**Task to complete:**
From the records below, copy each line in which the string "ultimately" occurs.

**Stored data entries:**
----------

lemma coeff_qpoly: "coeff (qpoly xs v) k = qcoeff k v xs"
  by (induction xs) (auto simp: qpoly_def coeff_monom)

lemma qval_eq_sum_qpoly:
  assumes "finite M" "qexps xs \<subseteq> M"
  shows "qval xs = (\<Sum>v\<in>M. fps_of_poly (qpoly xs v) * fps_exp v)"
  using assms(2)
proof (induction xs)
  case (Cons x xs)
  obtain c k m where x: "x = (c, k, m)"
    by (cases x) auto
  with Cons.prems have "m \<in> M" "qexps xs \<subseteq> M"
    by auto
  have "(\<Sum>v\<in>M. fps_of_poly (if m = v then monom c k else 0) * fps_exp v)
      = (\<Sum>v\<in>M. if m = v then fps_of_poly (monom c k) * fps_exp v else 0)"
    by (rule sum.cong) auto
  also have "\<dots> = qterm x"
    using \<open>m \<in> M\<close> assms(1) by (simp add: x qterm_def fps_of_poly_monom)
  finally show ?case
    using Cons.IH[OF \<open>qexps xs \<subseteq> M\<close>]
    by (simp add: x qpoly_def fps_of_poly_add distrib_right sum.distrib)
qed (simp add: qpoly_def)

lemma qcoeff_eq_0_if_qval_eq_0:
  assumes "qval xs = 0"
  shows "qcoeff k v xs = 0"
proof -
  let ?M = "insert v (qexps xs)"
  have "(\<Sum>v\<in>?M. fps_of_poly (qpoly xs v) * fps_exp v) = 0"
    using qval_eq_sum_qpoly[of ?M xs] assms by auto
  then have "qpoly xs v = 0"
    by (intro sum_poly_exp_eq_0D[of ?M]) auto
  then show ?thesis
    using coeff_qpoly[of xs v k] by simp
qed

lemma qcoeff_unique:
  assumes "qval xs = qval ys"
  shows "qcoeff k v xs = qcoeff k v ys"
proof -
  have "qval (xs @ qscale (-1) ys) = 0"
    by (simp only: qval_append qval_qscale fps_const_minus_one assms) simp
  then show ?thesis
    using qcoeff_eq_0_if_qval_eq_0 by fastforce
qed

lemma sum_qcoeff:
  fixes \<phi> :: "complex \<Rightarrow> complex \<Rightarrow> 'b::comm_monoid_add"
  assumes "finite M" "qexps xs \<subseteq> M"
    and "\<And>v. \<phi> v 0 = 0" "\<And>v a b. \<phi> v (a + b) = \<phi> v a + \<phi> v b"
  shows "(\<Sum>v\<in>M. \<phi> v (qcoeff k v xs)) = sum_list (map (\<lambda>(c, k', m). if k' = k then \<phi> m c else 0) xs)"
  using assms(2)
proof (induction xs)
  case (Cons x xs)
  obtain c k' m where x: "x = (c, k', m)"
    by (cases x) auto
  with Cons.prems have "m \<in> M" "qexps xs \<subseteq> M"
    by auto
  have "(\<Sum>v\<in>M. \<phi> v (if k' = k \<and> m = v then c else 0)) = (if k' = k then \<phi> m c else 0)"
    using \<open>m \<in> M\<close> assms(1,3) by (simp add: if_distrib[of "\<phi> _"] cong: if_cong)
  then show ?case
    using Cons.IH[OF \<open>qexps xs \<subseteq> M\<close>] by (simp add: x assms(4) sum.distrib)
qed (simp add: assms(3))

section \<open>The Sweedler dual consists of the quasi-polynomial generating functions\<close>

lemma pairing_eq_sum: "degree q \<le> N \<Longrightarrow> pairing f q = (\<Sum>i\<le>N. coeff q i * f i)"
  unfolding pairing_def by (rule sum.mono_neutral_left) (auto simp: coeff_eq_0)

lemma pairing_add: "pairing f (p + q) = pairing f p + pairing f q"
proof -
  have "degree (p + q) \<le> max (degree p) (degree q)"
    by (rule degree_add_le) auto
  then show ?thesis
    by (simp add: pairing_eq_sum[of _ "max (degree p) (degree q)"] distrib_right sum.distrib)
qed

lemma pairing_smult: "pairing f (smult a p) = a * pairing f p"
  by (simp add: pairing_eq_sum[of _ "degree p"] sum_distrib_left algebra_simps)

lemma pairing_pCons_0: "pairing f (pCons 0 q) = pairing (\<lambda>n. f (Suc n)) q"
proof -
  have "pairing f (pCons 0 q) = (\<Sum>i\<le>Suc (degree q). coeff (pCons 0 q) i * f i)"
    by (rule pairing_eq_sum) (simp add: degree_pCons_le)
  also have "\<dots> = (\<Sum>i\<le>degree q. coeff q i * f (Suc i))"
    by (subst sum.atMost_Suc_shift) simp
  finally show ?thesis
    by (simp add: pairing_def)
qed

lemma pairing_lincomb: "pairing (\<lambda>n. a * f n + b * g n) q = a * pairing f q + b * pairing g q"
  by (simp add: pairing_def sum.distrib sum_distrib_left algebra_simps)

lemma pairing_monom: "pairing f (monom a m) = a * f m"
proof -
  have "(\<Sum>i\<le>m. coeff (monom a m) i * f i) = (\<Sum>i\<le>m. if i = m then a * f i else 0)"
    by (rule sum.cong) (auto simp: coeff_monom)
  then show ?thesis
    by (simp add: pairing_eq_sum[of _ m] degree_monom_le)
qed

lemma pairing_mult_linear: "pairing f (r * [:-m, 1:]) = pairing (\<lambda>n. f (Suc n) - m * f n) r"
proof -
  have "r * [:-m, 1:] = pCons 0 r + smult (-m) r"
    by (simp add: mult_pCons_right)
  then have "pairing f (r * [:-m, 1:]) = pairing (\<lambda>n. 1 * f (Suc n) + (-m) * f n) r"
    by (simp only: pairing_add pairing_smult pairing_pCons_0 pairing_lincomb) simp
  then show ?thesis
    by simp
qed

definition annihilates :: "complex poly \<Rightarrow> dual \<Rightarrow> bool" where
  "annihilates q f \<longleftrightarrow> (\<forall>r. pairing f (r * q) = 0)"

lemma annihilates_linear_factor_iff:
  "annihilates ([:-m, 1:] * q) f \<longleftrightarrow> annihilates q (\<lambda>n. f (Suc n) - m * f n)"
  unfolding annihilates_def by (metis mult.assoc mult.commute pairing_mult_linear)

lemma annihilates_mult: "annihilates q f \<Longrightarrow> annihilates (p * q) f"
  unfolding annihilates_def by (metis mult.assoc)

lemma annihilates_add: "annihilates q f \<Longrightarrow> annihilates q g \<Longrightarrow> annihilates q (\<lambda>n. f n + g n)"
  unfolding annihilates_def using pairing_lincomb[of 1 f 1 g] by simp

lemma annihilates_zero: "annihilates q (\<lambda>n. 0)"
  unfolding annihilates_def pairing_def by simp

lemma sweedler_iff_annihilates: "f \<in> sweedler \<longleftrightarrow> (\<exists>q. q \<noteq> 0 \<and> annihilates q f)"
proof
  assume "f \<in> sweedler"
  then obtain I where I: "poly_ideal I" "I \<noteq> {0}" "\<forall>q\<in>I. pairing f q = 0"
    by (auto simp: sweedler_def)
  then obtain q where "q \<in> I" "q \<noteq> 0"
    by (auto simp: poly_ideal_def)
  with I have "annihilates q f"
    by (auto simp: annihilates_def poly_ideal_def)
  with \<open>q \<noteq> 0\<close> show "\<exists>q. q \<noteq> 0 \<and> annihilates q f"
    by blast
next
  assume "\<exists>q. q \<noteq> 0 \<and> annihilates q f"
  then obtain q where q: "q \<noteq> 0" "annihilates q f"
    by blast
  let ?I = "range (\<lambda>r. r * q)"
  have "poly_ideal ?I"
    unfolding poly_ideal_def
    by (auto simp: image_iff distrib_right[symmetric] mult.assoc[symmetric] intro: exI[of _ 0])
  moreover have "?I \<noteq> {0}"
    using q(1) by (metis mult_1 rangeI singletonD)
  moreover have "\<forall>p\<in>?I. pairing f p = 0"
    using q(2) by (auto simp: annihilates_def)
  ultimately show "f \<in> sweedler"
    unfolding sweedler_def by blast
qed

lemma egf_shift_minus: "egf (\<lambda>n. f (Suc n) - m * f n) = deriv_minus m (egf f)"
  by (rule fps_ext) (simp add: deriv_minus_def fact_Suc field_simps del: of_nat_Suc)

lemma annihilates_linear_factor_iff_egf:
  "annihilates ([:-m, 1:] * q) (of_egf F) \<longleftrightarrow> annihilates q (of_egf (deriv_minus m F))"
proof -
  have "(\<lambda>n. of_egf F (Suc n) - m * of_egf F n) = of_egf (deriv_minus m F)"
    by (metis egf_shift_minus of_egf_egf egf_of_egf)
  then show ?thesis
    by (simp only: annihilates_linear_factor_iff)
qed

lemma of_egf_add: "of_egf (F + G) = (\<lambda>n. of_egf F n + of_egf G n)"
  by (simp add: of_egf_def algebra_simps)

lemma of_egf_0: "of_egf 0 = (\<lambda>n. 0)"
  by (simp add: of_egf_def)

lemma annihilates_poly_exp:
  "annihilates ([:-m, 1:] ^ Suc k) (of_egf (fps_of_poly (monom c k) * fps_exp m))"
proof (induction k arbitrary: c)
  case 0
  have "deriv_minus m (fps_of_poly (monom c 0) * fps_exp m) = 0"
    by (simp add: deriv_minus_poly_exp pderiv_plus_def pderiv_monom)
  then show ?case
    using annihilates_linear_factor_iff_egf[of m 1] by (simp add: of_egf_0 annihilates_zero)
next
  case (Suc k)
  have "deriv_minus m (fps_of_poly (monom c (Suc k)) * fps_exp m)
      = fps_of_poly (monom (of_nat (Suc k) * c) k) * fps_exp m"
    by (simp add: deriv_minus_poly_exp pderiv_plus_def pderiv_monom)
  then show ?case
    using Suc.IH by (simp only: power_Suc[of _ "Suc k"] annihilates_linear_factor_iff_egf)
qed

lemma quasi_poly_imp_annihilated:
  assumes "quasi_poly F"
  shows "\<exists>q. q \<noteq> 0 \<and> annihilates q (of_egf F)"
proof -
  obtain xs where "F = qval xs"
    using assms by (auto simp: quasi_poly_def)
  moreover have "\<exists>q. q \<noteq> 0 \<and> annihilates q (of_egf (qval xs))"
  proof (induction xs)
    case Nil
    then show ?case
      by (intro exI[of _ 1]) (simp add: of_egf_0 annihilates_zero)
  next
    case (Cons x xs)
    obtain c k m where x: "x = (c, k, m)"
      by (cases x) auto
    obtain q where q: "q \<noteq> 0" "annihilates q (of_egf (qval xs))"
      using Cons.IH by blast
    let ?p = "[:-m, 1:] ^ Suc k"
    have "qterm x = fps_of_poly (monom c k) * fps_exp m"
      by (simp add: x qterm_def fps_of_poly_monom)
    then have "annihilates (q * ?p) (of_egf (qterm x))"
      using annihilates_mult[OF annihilates_poly_exp] by simp
    moreover have "annihilates (q * ?p) (of_egf (qval xs))"
      using annihilates_mult[OF q(2), of ?p] by (simp add: mult.commute)
    ultimately have "annihilates (q * ?p) (of_egf (qval (x # xs)))"
      by (simp add: of_egf_add annihilates_add)
    moreover have "?p \<noteq> 0"
      by (rule power_not_zero) simp
    with q(1) have "q * ?p \<noteq> 0"
      by (metis mult_eq_0_iff)
    ultimately show ?case
      by blast
  qed
  ultimately show ?thesis
    by simp
qed

lemma fps_deriv_X_power_Suc:
  "fps_deriv (fps_X ^ Suc k :: 'a::comm_ring_1 fps) = fps_const (of_nat (Suc k)) * fps_X ^ k"
  by (rule fps_ext) auto

lemma quasi_poly_antiderivative_X_power: "\<exists>A. quasi_poly A \<and> fps_deriv A = fps_X ^ k"
proof -
  let ?A = "fps_const (1 / of_nat (Suc k)) * fps_X ^ Suc k :: complex fps"
  have "fps_deriv ?A = fps_const (1 / of_nat (Suc k) * of_nat (Suc k)) * fps_X ^ k"
    by (simp only: fps_deriv_mult_const_left fps_deriv_X_power_Suc mult.assoc[symmetric]
        fps_const_mult)
  then have "fps_deriv ?A = fps_X ^ k"
    by (simp del: of_nat_Suc)
  then show ?thesis
    using quasi_poly_scale[OF quasi_poly_monomial[of "Suc k" 0]] by (intro exI[of _ ?A]) simp
qed

lemma quasi_poly_antiderivative_exp:
  assumes "v \<noteq> 0"
  shows "\<exists>A. quasi_poly A \<and> fps_deriv A = fps_X ^ k * fps_exp v"
proof (induction k)
  case 0
  have "fps_deriv (fps_const (1 / v) * fps_exp v) = fps_exp v"
    using assms by (simp add: mult.assoc[symmetric] flip: fps_const_mult)
  then show ?case
    using quasi_poly_scale[OF quasi_poly_exp]
    by (intro exI[of _ "fps_const (1 / v) * fps_exp v"]) simp
next
  case (Suc k)
  txt \<open>Integration by parts.\<close>
  obtain A where A: "quasi_poly A" "fps_deriv A = fps_X ^ k * fps_exp v"
    using Suc.IH by blast
  let ?B = "fps_const (1 / v) * (fps_X ^ Suc k * fps_exp v - fps_const (of_nat (Suc k)) * A)"
  have dX: "fps_deriv (fps_X ^ Suc k * fps_exp v)
      = fps_const (of_nat (Suc k)) * fps_X ^ k * fps_exp v
        + fps_X ^ Suc k * (fps_const v * fps_exp v)"
    by (simp only: fps_deriv_mult fps_deriv_X_power_Suc fps_exp_deriv add.commute)
  have "fps_deriv ?B = fps_const (1 / v) *
      (fps_deriv (fps_X ^ Suc k * fps_exp v) - fps_const (of_nat (Suc k)) * fps_deriv A)"
    by (simp only: fps_deriv_mult_const_left fps_deriv_sub)
  also have "\<dots> = fps_const (1 / v) * (fps_const (of_nat (Suc k)) * fps_X ^ k * fps_exp v
      + fps_X ^ Suc k * (fps_const v * fps_exp v)
      - fps_const (of_nat (Suc k)) * (fps_X ^ k * fps_exp v))"
    by (simp only: dX A(2))
  also have "\<dots> = fps_const (1 / v) * fps_const v * (fps_X ^ Suc k * fps_exp v)"
    by (simp only: algebra_simps)
  also have "\<dots> = fps_X ^ Suc k * fps_exp v"
    using assms by (simp flip: fps_const_mult)
  finally have "fps_deriv ?B = fps_X ^ Suc k * fps_exp v" .
  moreover have "quasi_poly ?B"
    by (intro quasi_poly_scale quasi_poly_diff quasi_poly_monomial A(1))
  ultimately show ?case
    by blast
qed

lemma quasi_poly_antiderivative: "\<exists>A. quasi_poly A \<and> fps_deriv A = fps_X ^ k * fps_exp v"
  using quasi_poly_antiderivative_X_power[of k] quasi_poly_antiderivative_exp[of v k]
  by (cases "v = 0") auto

lemma deriv_minus_onto_quasi_poly:
  assumes "quasi_poly G"
  shows "\<exists>H. quasi_poly H \<and> deriv_minus l H = G"
proof -
  obtain xs where "G = qval xs"
    using assms by (auto simp: quasi_poly_def)
  moreover have "\<exists>H. quasi_poly H \<and> deriv_minus l H = qval xs"
  proof (induction xs)
    case Nil
    then show ?case
      using quasi_poly_0 by (intro exI[of _ 0]) (simp add: deriv_minus_def)
  next
    case (Cons x xs)
    obtain c k m where x: "x = (c, k, m)"
      by (cases x) auto
    obtain H where H: "quasi_poly H" "deriv_minus l H = qval xs"
      using Cons.IH by blast
    obtain A where A: "quasi_poly A" "fps_deriv A = fps_X ^ k * fps_exp (m - l)"
      using quasi_poly_antiderivative by blast
    let ?T = "fps_const c * (fps_exp l * A)"
    have "deriv_minus l ?T = fps_const c * (fps_exp l * fps_deriv A)"
      by (simp add: deriv_minus_def fps_deriv_mult algebra_simps)
    also have "\<dots> = qterm x"
      by (simp add: A(2) x qterm_def algebra_simps flip: fps_exp_add_mult)
    finally have "deriv_minus l (?T + H) = qval (x # xs)"
      by (simp add: deriv_minus_add H(2))
    moreover have "quasi_poly (?T + H)"
      by (intro quasi_poly_add quasi_poly_scale quasi_poly_mult quasi_poly_exp A(1) H(1))
    ultimately show ?case
      by blast
  qed
  ultimately show ?thesis
    by simp
qed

----------

**Output below:**
  ultimately show "f \<in> sweedler"
    ultimately have "annihilates (q * ?p) (of_egf (qval (x # xs)))"
    ultimately show ?case
  ultimately show ?thesis
  ultimately show ?case
    ultimately show ?case
  ultimately show ?thesis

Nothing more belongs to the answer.